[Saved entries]

theorem lemma5:
  fixes f :: "real ^ 'n \<Rightarrow> real"
  assumes cont: "continuous_on unit_cube f"
    and range: "\<forall>p\<in>unit_cube. 0 \<le> f p \<and> f p \<le> 1"
    and pb: "poly_bounded f"
  shows "\<exists>t0::nat. \<forall>t\<ge>t0. \<forall>p\<in>unit_cube.
           f p - (1/4) * measure_pmf.prob (sample_pmf t p) {X. f (emp_mean t X) \<ge> 1/2}
             \<ge> (1/8) * f p"
proof -
  obtain m c where "1 \<le> m" "0 < c" "poly_bounded_by f c m"
    using poly_boundedE[OF pb] .
  obtain \<delta> where "\<delta> > 0" "coordinatewise_modulus f \<delta> (1/6)"
    using continuous_on_unit_cube_modulus[OF cont, of "1/6"] by auto
  define M where "M t = real CARD(('n \<Rightarrow> band) \<times> 'n) / c
    * (real (t choose (2 * m)) ^ (2 * CARD('n)) * sqrt (2 * exp (-2 * real t * \<delta>\<^sup>2)))" for t
  have "M \<longlonglongrightarrow> 0"
    unfolding M_def using \<open>\<delta> > 0\<close> by (intro tendsto_mult_right_zero binomial_times_exp_tendsto_0)
  moreover have "filterlim (\<lambda>t. \<delta> * real t) at_top sequentially"
    using \<open>\<delta> > 0\<close> by real_asymp
  ultimately have "eventually (\<lambda>t. M t < 1 \<and> real (2 * m) \<le> \<delta> * real t \<and> 4 * m \<le> t) sequentially"
    by (intro eventually_conj order_tendstoD(2) eventually_ge_at_top) (auto simp: filterlim_at_top)
  then obtain t0 where t0: "\<And>t. t0 \<le> t \<Longrightarrow> M t < 1 \<and> real (2 * m) \<le> \<delta> * real t \<and> 4 * m \<le> t"
    unfolding eventually_sequentially by blast
  show ?thesis
  proof (intro exI allI impI ballI)
    fix t and p :: "real ^ 'n"
    assume "t0 \<le> t" "p \<in> unit_cube"
    then have "measure_pmf.prob (count_pmf t p) {K. 1/2 \<le> f (freq t K)} \<le> 3 * f p"
      using t0[OF \<open>t0 \<le> t\<close>] range \<open>0 < c\<close> \<open>1 \<le> m\<close> unfolding M_def
      by (intro prob_freq_ge_half_le[OF \<open>poly_bounded_by f c m\<close> \<open>coordinatewise_modulus f \<delta> (1/6)\<close>]) auto
    then show "f p - 1/4 * measure_pmf.prob (sample_pmf t p) {X. f (emp_mean t X) \<ge> 1/2} \<ge> 1/8 * f p"
      using prob_sample_pmf_emp_mean[OF \<open>p \<in> unit_cube\<close>, of t "\<lambda>x. 1/2 \<le> f x"] range \<open>p \<in> unit_cube\<close>
      by fastforce
  qed
qed

end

● **What you have to do**: Above are the records; from them, give again exactly the lines from the one containing "0 \<le> f p" to the one containing "f p - (1/4) * measure_pmf.prob", both lines included, and nothing more.

● **Answer**:
    and range: "\<forall>p\<in>unit_cube. 0 \<le> f p \<and> f p \<le> 1"
    and pb: "poly_bounded f"
  shows "\<exists>t0::nat. \<forall>t\<ge>t0. \<forall>p\<in>unit_cube.
           f p - (1/4) * measure_pmf.prob (sample_pmf t p) {X. f (emp_mean t X) \<ge> 1/2}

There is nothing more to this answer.